Political turmoil concerns and trade tensions have badly affected the stocks and they again took a dip on Thursday in Washington. After Wednesday’s rally which gave the largest percentage gains to Wall Street in almost a decade, the investors are again weighed down by the unending tensions and turmoil.
The Dow Jones Industrial Average decreased by 1.8% and around 400 points, after climbing 1,000 points and more. The Nasdaq Composite and the S&P 500 also fell by 1.7%. Even after the rise on Wednesday, several sell-offs helped to put the stocks back on track for their worst month since the time of the Great Depression.

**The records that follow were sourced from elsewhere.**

lemma sum_tree_Delta:
  fixes f :: "nat list \<Rightarrow> 'a :: comm_ring_1"
  assumes w: "w \<in> tree_verts d h" and below: "\<And>u. length u = Suc h \<Longrightarrow> f u = 0"
  shows "(\<Sum>u\<in>tree_verts d h. f u * of_int (tree_Delta d h u w)) =
    of_nat d * f w - (if w = [] then 0 else f (butlast w)) - (\<Sum>j<branching d w. f (w @ [j]))"
proof -
  let ?V = "tree_verts d h" and ?C = "(\<lambda>j. w @ [j]) ` {..<branching d w}"
  have "(\<Sum>u\<in>?V. f u * of_int (tree_Delta d h u w))
      = (\<Sum>u\<in>?V. if u = w then of_nat d * f u else 0) - (\<Sum>u\<in>?V. if tree_adj d h u w then f u else 0)"
    unfolding sum_subtractf[symmetric] tree_Delta_def
    by (intro sum.cong refl) (auto simp: tree_adj_def)
  also have "(\<Sum>u\<in>?V. if u = w then of_nat d * f u else 0) = of_nat d * f w"
    using w finite_tree_verts by simp
  also have "(\<Sum>u\<in>?V. if tree_adj d h u w then f u else 0) = (\<Sum>u\<in>{u \<in> ?V. tree_adj d h u w}. f u)"
    using finite_tree_verts by (simp add: sum.inter_filter)
  also have "\<dots> = (if w = [] then 0 else f (butlast w)) + (\<Sum>u\<in>?C \<inter> ?V. f u)"
    unfolding tree_neighbours[OF w] using finite_tree_verts
    by (subst sum.union_disjoint) (auto dest: arg_cong[of _ _ length])
  also have "(\<Sum>u\<in>?C \<inter> ?V. f u) = (\<Sum>u\<in>?C. f u)"
  proof (rule sum.mono_neutral_left)
    show "\<forall>u\<in>?C - ?C \<inter> ?V. f u = 0"
      using w below length_le_if_in_tree_verts by (force simp: snoc_in_tree_verts)
  qed auto
  also have "\<dots> = (\<Sum>j<branching d w. f (w @ [j]))"
    by (simp add: sum.reindex inj_on_def)
  finally show ?thesis by (simp add: algebra_simps)
qed

lemma sum_tree_Delta_outside:
  "w \<notin> tree_verts d h \<Longrightarrow> (\<Sum>u\<in>tree_verts d h. f u * of_int (tree_Delta d h u w)) = 0"
  by (rule sum.neutral) (auto simp: tree_Delta_def tree_adj_def)

lemma longest_common_prefix_eq_prefix: "prefix w v \<Longrightarrow> longest_common_prefix v w = w"
  by (metis longest_common_prefix_max_prefix longest_common_prefix_prefix2 prefix_order.antisym prefix_order.refl)

lemma longest_common_prefix_snoc:
  "longest_common_prefix v (w @ [j]) =
    (if prefix (w @ [j]) v then w @ [j] else longest_common_prefix v w)"
proof (induction w arbitrary: v)
  case Nil
  then show ?case by (cases v) auto
next
  case (Cons a w)
  then show ?case by (cases v) auto
qed

lemma longest_common_prefix_append:
  "longest_common_prefix (xs @ ys) (xs @ zs) = xs @ longest_common_prefix ys zs"
  by (induction xs) auto

section \<open>The inverse of \<Delta>\<close>

locale tree_ball =
  fixes d h :: nat
  assumes two_le_d: "2 \<le> d"
begin

definition T :: "nat \<Rightarrow> rat" where
  "T l = of_nat (repunit (d - 1) (h + 1 - l))"

fun rho :: "nat \<Rightarrow> rat" where
  "rho 0 = 1 / (of_nat d * of_nat (d - 1) ^ h * T 0)"
| "rho (Suc k) = rho k + 1 / (T k * T (Suc k))"

definition G :: "nat list \<Rightarrow> nat list \<Rightarrow> rat" where
  "G v w = T (length v) * T (length w) * rho (length (longest_common_prefix v w))"

lemma T_pos: "l \<le> h \<Longrightarrow> 0 < T l"
  unfolding T_def by (simp add: repunit_pos)

lemma T_Suc_h: "T (Suc h) = 0"
  unfolding T_def by simp

lemma T_h: "T h = 1"
  unfolding T_def by simp

lemma T_rec: "l \<le> h \<Longrightarrow> T l = of_nat (d - 1) * T (Suc l) + 1"
  unfolding T_def by (simp add: Suc_diff_le)

lemma T_harmonic:
  assumes "0 < l" "l \<le> h"
  shows "of_nat d * T l = T (l - 1) + of_nat (d - 1) * T (Suc l)"
proof -
  have "of_nat d * T l = of_nat (d - 1) * T l + T l"
    using two_le_d by (simp add: of_nat_diff algebra_simps)
  moreover have "T (l - 1) = of_nat (d - 1) * T l + 1"
    using T_rec[of "l - 1"] assms by simp
  ultimately show ?thesis
    using T_rec[of l] assms(2) by linarith
qed

lemma rho_0: "of_nat d * (T 0 - T 1) * rho 0 = 1 / T 0"
proof -
  have "T 0 - T 1 = of_nat (d - 1) ^ h"
    unfolding T_def by (simp del: repunit.simps(2) add: repunit_Suc')
  moreover have "of_nat (d - 1) ^ h \<noteq> (0 :: rat)" "of_nat d \<noteq> (0 :: rat)" "T 0 \<noteq> 0"
    using two_le_d T_pos[of 0] by auto
  ultimately show ?thesis by simp
qed

lemma rho_Suc_diff: "k < h \<Longrightarrow> T k * T (Suc k) * (rho (Suc k) - rho k) = 1"
  using T_pos[of k] T_pos[of "Suc k"] by simp

lemma G_below_leaves: "length u = Suc h \<Longrightarrow> G v u = 0"
  unfolding G_def by (simp add: T_Suc_h)

text \<open>For a vertex w of depth l on the path from the root to v, the left-hand side is
(\<Delta> G v)(w) / T(|v|), where e = 0 if w = v and e = 1 otherwise.\<close>

lemma rho_balance:
  assumes "l \<le> h" and "e = 0 \<or> l < h"
  shows "of_nat d * T l * rho l - (if l = 0 then 0 else T (l - 1) * rho (l - 1))
      - T (Suc l) * (of_nat (if l = 0 then d else d - 1) * rho l + e * (rho (Suc l) - rho l))
    = (1 - e) / T l"
proof -
  have Tl: "T l \<noteq> 0" using T_pos[OF assms(1)] by simp
  have step: "e * (T (Suc l) * (rho (Suc l) - rho l)) = e / T l"
    using assms(2) rho_Suc_diff[of l] Tl by (auto simp: field_simps simp del: rho.simps)
  show ?thesis
  proof (cases l)
    case 0
    then show ?thesis
      using rho_0 step by (simp add: algebra_simps diff_divide_distrib del: rho.simps)
  next
    case (Suc k)
    have "of_nat d * T l = T k + of_nat (d - 1) * T (Suc l)"
      using T_harmonic[of l] assms(1) Suc by simp
    moreover have "T k * (rho l - rho k) = 1 / T l"
      using rho_Suc_diff[of k] assms(1) Suc Tl by (simp add: field_simps del: rho.simps)
    ultimately show ?thesis
      using step Suc by (simp add: algebra_simps diff_divide_distrib del: rho.simps)
  qed
qed

lemma sum_children_rho:
  assumes w: "prefix w v" and v: "v \<in> tree_verts d h"
  shows "(\<Sum>j<branching d w. rho (length (longest_common_prefix v (w @ [j])))) =
    of_nat (branching d w) * rho (length w) +
    of_bool (v \<noteq> w) * (rho (Suc (length w)) - rho (length w))"
proof -
  let ?l = "length w" and ?i = "v ! length w"
  have on_path: "prefix (w @ [j]) v \<longleftrightarrow> v \<noteq> w \<and> j = ?i" for j
  proof -
    obtain z where "v = w @ z" using w prefixE by blast
    then show ?thesis by (cases z) auto
  qed
  have "rho (length (longest_common_prefix v (w @ [j]))) =
      rho ?l + (if j = ?i then of_bool (v \<noteq> w) * (rho (Suc ?l) - rho ?l) else 0)" for j
    using longest_common_prefix_snoc[of v w j] longest_common_prefix_eq_prefix[OF w] on_path
    by auto
  moreover have "?i < branching d w" if "v \<noteq> w"
    using on_path[of ?i] that v prefix_in_tree_verts snoc_in_tree_verts by blast
  ultimately show ?thesis
    by (auto simp: sum.distrib)
qed

lemma G_Laplacian_off_path:
  assumes w: "w \<in> tree_verts d h" and off: "\<not> prefix w v"
  shows "of_nat d * G v w - (if w = [] then 0 else G v (butlast w))
      - (\<Sum>j<branching d w. G v (w @ [j])) = 0"
proof -
  obtain w' a where w': "w = w' @ [a]"
    using off by (cases w rule: rev_cases) auto
  let ?k = "length (longest_common_prefix v w)"
  have parent: "longest_common_prefix v w' = longest_common_prefix v w"
    using longest_common_prefix_snoc[of v w' a] off w' by simp
  have child: "longest_common_prefix v (w @ [j]) = longest_common_prefix v w" for j
    using longest_common_prefix_snoc[of v w j] off append_prefixD by auto
  have "butlast w = w'" "w \<noteq> []"
    using w' by simp_all
  then have "of_nat d * G v w - (if w = [] then 0 else G v (butlast w))
      - (\<Sum>j<branching d w. G v (w @ [j])) =
    T (length v) * rho ?k *
      (of_nat d * T (length w) - T (length w') - of_nat (d - 1) * T (Suc (length w)))"
    unfolding G_def child by (simp add: branching_def algebra_simps parent)
  also have "\<dots> = 0"
    using T_harmonic[of "length w"] w' length_le_if_in_tree_verts[OF w] by simp
  finally show ?thesis .
qed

FXTM research analyst Lukman Otunuga said,
Buying sentiment towards global entity markets skyrocketed yesterday due to an apparent return of risk appetite and rebounding oil prices. However, with geopolitical risk factors leaving global sentiment extremely fragile, the upside was poised to be limited.
Amazon and Apple both lost 2% and more as high flying technology companies rally reversed. Alphabet, Netflix and Facebook also fell by 1% and more. Oil also descended into bear market further and pared gains down around a third after the October highs.

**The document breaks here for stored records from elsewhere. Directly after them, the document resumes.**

(* Each noise-averaged log-likelihood term is continuous in the SNR on [0, A]
   (dominated convergence, with the dominating function from the previous lemma). *)
lemma info_integral_continuous:
  assumes fin: "finite CX" and x: "x \<in> CX"
  shows "continuous_on {0..A} (\<lambda>\<rho>. \<integral>z. noise_density z * log 2 (lr_sum CX \<rho> x z) \<partial>lborel)"
proof (rule continuous_on_sequentiallyI)
  fix u a assume u: "\<forall>n. u n \<in> {0..A}" and lim: "u \<longlonglongrightarrow> a"
  define K where "K = sqrt A * (\<Sum>x'\<in>CX. cmod (x - x'))"
  define w where "w z = real (card CX) * (2 * exp (K\<^sup>2) * gauss_density 1 z) / ln 2" for z
  show "(\<lambda>n. \<integral>z. noise_density z * log 2 (lr_sum CX (u n) x z) \<partial>lborel)
          \<longlonglongrightarrow> (\<integral>z. noise_density z * log 2 (lr_sum CX a x z) \<partial>lborel)"
  proof (rule Bochner_Integration.integral_dominated_convergence[where w=w])
    show "integrable lborel w"
      unfolding w_def using gauss_density_integrable[of 1] by simp
    show "AE z in lborel. (\<lambda>n. noise_density z * log 2 (lr_sum CX (u n) x z))
                          \<longlonglongrightarrow> noise_density z * log 2 (lr_sum CX a x z)"
    proof (rule AE_I2)
      fix z
      have "(\<lambda>n. lr_sum CX (u n) x z) \<longlonglongrightarrow> lr_sum CX a x z"
        unfolding lr_sum_def by (intro tendsto_intros lim)
      moreover have "0 < lr_sum CX a x z" using lr_sum_ge_1[OF fin x, of a z] by simp
      ultimately show "(\<lambda>n. noise_density z * log 2 (lr_sum CX (u n) x z))
                          \<longlonglongrightarrow> noise_density z * log 2 (lr_sum CX a x z)"
        by (intro tendsto_intros) auto
    qed
    show "AE z in lborel. norm (noise_density z * log 2 (lr_sum CX (u n) x z)) \<le> w z" for n
    proof (intro AE_I2)
      fix z
      have un: "0 \<le> u n" "u n \<le> A" using u by auto
      have shift: "cmod (complex_of_real (sqrt (u n)) * (x - x')) \<le> K" if "x' \<in> CX" for x'
      proof -
        have "cmod (complex_of_real (sqrt (u n)) * (x - x')) = sqrt (u n) * cmod (x - x')"
          using un by (simp add: norm_mult)
        also have "\<dots> \<le> sqrt A * cmod (x - x')"
          using un by (intro mult_right_mono) auto
        also have "\<dots> \<le> K"
          unfolding K_def using un that fin by (intro mult_left_mono member_le_sum) auto
        finally show ?thesis .
      qed
      have "norm (noise_density z * log 2 (lr_sum CX (u n) x z))
              \<le> (\<Sum>x'\<in>CX. noise_density (complex_of_real (sqrt (u n)) * (x - x') + z)) / ln 2"
        using info_integrand_bounds[OF fin x] by simp
      also have "\<dots> \<le> (\<Sum>x'\<in>CX. 2 * exp (K\<^sup>2) * gauss_density 1 z) / ln 2"
        using shift by (intro divide_right_mono sum_mono noise_density_shift_bound) auto
      also have "\<dots> = w z" by (simp add: w_def)
      finally show "norm (noise_density z * log 2 (lr_sum CX (u n) x z)) \<le> w z" .
    qed
  qed measurable
qed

Brent was trading at $54 per barrel and West Texas Intermediate at $45.40 per barrel. Congress was ready to reconvene on Thursday after the holiday break, partial government shutdown’s sixth day over border security funding.

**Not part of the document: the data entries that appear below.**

(* Let $\mathcal{P}$ be a hereditary property of ordered graphs. Suppose that for arbitrarily large values of $k$ some ordered graph in $\mathcal{P}$ contains a $k$-structure of Type 1 or of Type 2. Then $|\mathcal{P}_n| \geqslant 2^{n-1}$ for every $n \in \mathbb{N}$.
   Context: Ordered graphs of order $n$ have vertex set $[n]$ with the natural order; a hereditary property is a collection of ordered graphs closed under order-preserving isomorphism and induced ordered subgraphs; $\mathcal{P}_n$ is the set of members with vertex set $[n]$. A $k$-structure of Type 1 in $G$ consists of vertices $y$ and $x_1<\dots<x_{2k}$ with $y<x_1$ or $y>x_{2k}$, such that for $1\leqslant i<2k$, $yx_i\in E(G)$ iff $yx_{i+1}\notin E(G)$. A $k$-structure of Type 2 is one of Type 2(a): vertices $x_1<\dots<x_{2k}<y_1<\dots<y_{2k}$, or of Type 2(b): vertices $x_1<\dots<x_{2k}<y_{2k}<\dots<y_1$, in either case such that for $1\leqslant i<2k$, $x_iy_i\in E(G)$ iff $x_{i+1}y_{i+1}\notin E(G)$. *)

theory Defs
  imports Main
begin

text \<open>An ordered graph of order n is represented as a pair (n, E): vertex set {1..n}
  with the natural order, E a set of 2-element subsets of {1..n}.\<close>

definition ordered_graph :: "nat \<Rightarrow> nat set set \<Rightarrow> bool" where
  "ordered_graph n E \<longleftrightarrow>
     E \<subseteq> {{u, v} | u v. u \<in> {1..n} \<and> v \<in> {1..n} \<and> u \<noteq> v}"

text \<open>Induced ordered subgraph on the image of an order embedding f : {1..m} -> {1..n},
  relabelled to vertex set {1..m}.\<close>
definition induced_ordered :: "nat set set \<Rightarrow> (nat \<Rightarrow> nat) \<Rightarrow> nat \<Rightarrow> nat set set" where
  "induced_ordered E f m =
     {{u, v} | u v. u \<in> {1..m} \<and> v \<in> {1..m} \<and> u \<noteq> v \<and> {f u, f v} \<in> E}"

text \<open>Since all graphs of order n live on {1..n}, closure under
  order-preserving isomorphism is automatic in this representation; closure under induced
  ordered subgraphs is closure under restriction along order embeddings.\<close>
definition hereditary :: "(nat \<times> nat set set) set \<Rightarrow> bool" where
  "hereditary P \<longleftrightarrow>
     (\<forall>(n, E) \<in> P. ordered_graph n E) \<and>
     (\<forall>(n, E) \<in> P. \<forall>m f. strict_mono_on {1..m} f \<and> f ` {1..m} \<subseteq> {1..n}
        \<longrightarrow> (m, induced_ordered E f m) \<in> P)"
(* For $z\in\mathbb R$ let \[p_1(z)=-7+30z-24z^2-14z^3+12z^4-6z^5+2z^6,\] \[p_2(z)=81-324z+1188z^2-1404z^3-216z^4+1404z^5-972z^6+432z^7-108z^8,\] \[\mathcal Q(z)=\frac13(z^2-z+1)-\frac{\sqrt[3]{2}\,(3-(z^2-z+1)^2)}{3\sqrt[3]{p_1(z)+\sqrt{p_2(z)}}}+\frac{\sqrt[3]{p_1(z)+\sqrt{p_2(z)}}}{3\sqrt[3]{2}}.\] If $v\in(0.35,1/2)$, then $\mathcal Q(v)<4v/5$. If $v\in[0.22,0.35]$, then $\mathcal Q(v)<9v/10$. *)

theory Defs
  imports Complex_Main
begin

definition p1 :: "real \<Rightarrow> real" where
  "p1 z = -7 + 30*z - 24*z^2 - 14*z^3 + 12*z^4 - 6*z^5 + 2*z^6"

definition p2 :: "real \<Rightarrow> real" where
  "p2 z = 81 - 324*z + 1188*z^2 - 1404*z^3 - 216*z^4 + 1404*z^5 - 972*z^6 + 432*z^7 - 108*z^8"

definition Q :: "real \<Rightarrow> real" where
  "Q z = (1/3) * (z^2 - z + 1)
        - (root 3 2 * (3 - (z^2 - z + 1)^2)) / (3 * root 3 (p1 z + sqrt (p2 z)))
        + root 3 (p1 z + sqrt (p2 z)) / (3 * root 3 2)"

end

theory Submission
  imports Defs
begin

text \<open>With \<open>a = v\<^sup>2 - v + 1\<close> and \<open>b = 3 - a\<^sup>2\<close> one has \<open>p2 v = (p1 v)\<^sup>2 + 4 b\<^sup>3\<close>, so
  \<open>3 Q v - a\<close> is Cardano's formula for the real root of the depressed cubic
  \<open>y\<^sup>3 + 3 b y = p1 v\<close>. For \<open>0 < v < 1\<close> we have \<open>b > 0\<close>, so the cubic is strictly increasing
  and \<open>Q v < k v\<close> holds iff the cubic at \<open>3 k v - a\<close> exceeds \<open>p1 v\<close>. For the two values of \<open>k\<close>
  that difference is \<open>v\<close> times a cubic polynomial which is positive on the respective interval.\<close>

definition depressed_cubic :: "real \<Rightarrow> real \<Rightarrow> real" where
  "depressed_cubic b y = y^3 + 3*b*y"

lemma strict_mono_depressed_cubic:
  assumes "0 \<le> b"
  shows "strict_mono (depressed_cubic b)"
proof (rule strict_monoI)
  fix y Y :: real
  assume "y < Y"
  \<comment> \<open>cubing is strictly monotone since its inverse \<open>root 3\<close> is\<close>
  then have "y^3 < Y^3"
    using real_root_less_iff[of 3 "y^3" "Y^3"] by (simp add: odd_real_root_power_cancel)
  moreover have "3*b*y \<le> 3*b*Y"
    using \<open>y < Y\<close> assms by (simp add: mult_left_mono)
  ultimately show "depressed_cubic b y < depressed_cubic b Y"
    unfolding depressed_cubic_def by linarith
qed

lemma depressed_cubic_cardano_root:
  fixes b p :: real
  defines "u \<equiv> root 3 ((p + sqrt (p^2 + 4*b^3)) / 2)"
  assumes "0 < b"
  shows "depressed_cubic b (u - b/u) = p"
proof -
  define s where "s = sqrt (p^2 + 4*b^3)"
  define X where "X = (p + s) / 2"
  have s_sq: "s^2 = p^2 + 4*b^3"
    unfolding s_def using \<open>0 < b\<close> by simp
  have "(-p)^2 < p^2 + 4*b^3"
    using \<open>0 < b\<close> by simp
  then have "0 < X"
    unfolding X_def s_def using real_less_rsqrt by fastforce
  have u_cube: "u^3 = X"
    unfolding u_def X_def s_def by (simp add: odd_real_root_pow)
  then have "u \<noteq> 0"
    using \<open>0 < X\<close> by auto
  \<comment> \<open>the two Cardano cube roots multiply to \<open>b\<close>, hence the cube of the second is \<open>(s - p)/2\<close>\<close>
  have "X * ((s - p) / 2) = b^3"
    unfolding X_def using s_sq by (simp add: algebra_simps power2_eq_square)
  then have w_cube: "(b/u)^3 = (s - p) / 2"
    using u_cube \<open>0 < X\<close> by (simp add: power_divide field_simps)
  have "depressed_cubic b (u - w) = u^3 - w^3 - 3*(u*w - b)*(u - w)" for w
    unfolding depressed_cubic_def by (simp add: algebra_simps power3_eq_cube)
  also have "u^3 - (b/u)^3 - 3*(u * (b/u) - b)*(u - b/u) = p"
    using u_cube w_cube \<open>u \<noteq> 0\<close> unfolding X_def by simp
  finally show ?thesis .
qed

lemma Q_eq_cardano:
  fixes v :: real
  defines "a \<equiv> v^2 - v + 1"
    and "u \<equiv> root 3 ((p1 v + sqrt (p2 v)) / 2)"
  shows "Q v = (a + (u - (3 - a^2)/u)) / 3"
proof (cases "p1 v + sqrt (p2 v) = 0")
  case False
  then show ?thesis
    unfolding Q_def a_def u_def real_root_divide by (simp add: field_simps)
qed (simp add: Q_def a_def u_def)

lemma p2_eq_discriminant:
  fixes v :: real
  defines "a \<equiv> v^2 - v + 1"
  shows "p2 v = (p1 v)^2 + 4*(3 - a^2)^3"
  unfolding p1_def p2_def a_def by algebra

lemma Q_less_iff:
  fixes v k :: real
  defines "a \<equiv> v^2 - v + 1"
  assumes "0 < v" "v < 1"
  shows "Q v < k*v \<longleftrightarrow> p1 v < depressed_cubic (3 - a^2) (3*k*v - a)"
proof -
  define b where "b = 3 - a^2"
  define u where "u = root 3 ((p1 v + sqrt (p2 v)) / 2)"
  have "0 \<le> v^2" "v^2 \<le> v"
    using assms(2,3) by (simp_all add: power2_eq_square mult_le_cancel_left1)
  then have "0 < a" "a \<le> 1"
    unfolding a_def using assms(3) by linarith+
  then have "0 < b"
    unfolding b_def using power_le_one[of a 2] by simp
  have "u = root 3 ((p1 v + sqrt ((p1 v)^2 + 4*b^3)) / 2)"
    unfolding u_def b_def a_def p2_eq_discriminant ..
  then have root: "depressed_cubic b (u - b/u) = p1 v"
    using depressed_cubic_cardano_root[OF \<open>0 < b\<close>] by simp
  have "Q v < k*v \<longleftrightarrow> u - b/u < 3*k*v - a"
    unfolding Q_eq_cardano u_def a_def b_def by (simp add: field_simps)
  also have "\<dots> \<longleftrightarrow> p1 v < depressed_cubic b (3*k*v - a)"
    unfolding root[symmetric]
    using strict_mono_depressed_cubic \<open>0 < b\<close> by (simp add: strict_mono_less)
  finally show ?thesis
    unfolding b_def .
qed

lemma Q_less_4_5:
  fixes v :: real
  assumes "0.35 < v" "v < 1/2"
  shows "Q v < 4/5 * v"
proof -
  have gap: "depressed_cubic (3 - (v^2 - v + 1)^2) (3 * (4/5) * v - (v^2 - v + 1)) - p1 v
        = v * (-675 + 1215*v + 3888*v^2 - 2160*v^3) / 125"
    unfolding depressed_cubic_def p1_def by algebra
  have "v^3 \<le> 1/2 * v^2" "7/20 * v \<le> v^2"
    using assms by (simp_all add: power3_eq_cube power2_eq_square)
  then have "0 < -675 + 1215*v + 3888*v^2 - 2160*v^3"
    using assms(1) by simp
  then have "0 < v * (-675 + 1215*v + 3888*v^2 - 2160*v^3) / 125"
    using assms(1) by simp
  then have "p1 v < depressed_cubic (3 - (v^2 - v + 1)^2) (3 * (4/5) * v - (v^2 - v + 1))"
    using gap by linarith
  then show ?thesis
    using Q_less_iff[of v "4/5"] assms by simp
qed

lemma Q_less_9_10:
  fixes v :: real
  assumes "0.22 \<le> v" "v \<le> 0.35"
  shows "Q v < 9/10 * v"
proof -
  have gap: "depressed_cubic (3 - (v^2 - v + 1)^2) (3 * (9/10) * v - (v^2 - v + 1)) - p1 v
        = v * (-2700 + 5130*v + 41553*v^2 - 21870*v^3) / 1000"
    unfolding depressed_cubic_def p1_def by algebra
  have "v^3 \<le> 7/20 * v^2" "11/50 * v \<le> v^2"
    using assms by (simp_all add: power3_eq_cube power2_eq_square)
  then have "0 < -2700 + 5130*v + 41553*v^2 - 21870*v^3"
    using assms(1) by simp
  then have "0 < v * (-2700 + 5130*v + 41553*v^2 - 21870*v^3) / 1000"
    using assms(1) by simp
  then have "p1 v < depressed_cubic (3 - (v^2 - v + 1)^2) (3 * (9/10) * v - (v^2 - v + 1))"
    using gap by linarith
  then show ?thesis
    using Q_less_iff[of v "9/10"] assms by simp
qed

theorem lemma4p3:
  shows "(\<forall>v::real. 0.35 < v \<and> v < 1/2 \<longrightarrow> Q v < 4*v/5)
       \<and> (\<forall>v::real. 0.22 \<le> v \<and> v \<le> 0.35 \<longrightarrow> Q v < 9*v/10)"
  using Q_less_4_5 Q_less_9_10 by auto

end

However, the progress signs are elusive after President Donald Trump’s strengthened his demands for the long promised wall along the southern border. Brean Capital strategist Scott Buchta said that the nature and tone of the discourse out of Washington has caused a lot of uncertainty leading to increase in caution by the investors in the market.
Trump is also considering an executive order blocking the US companies from using China’s Huawei Technologies and ZTE. This could further stir tensions between the largest economies.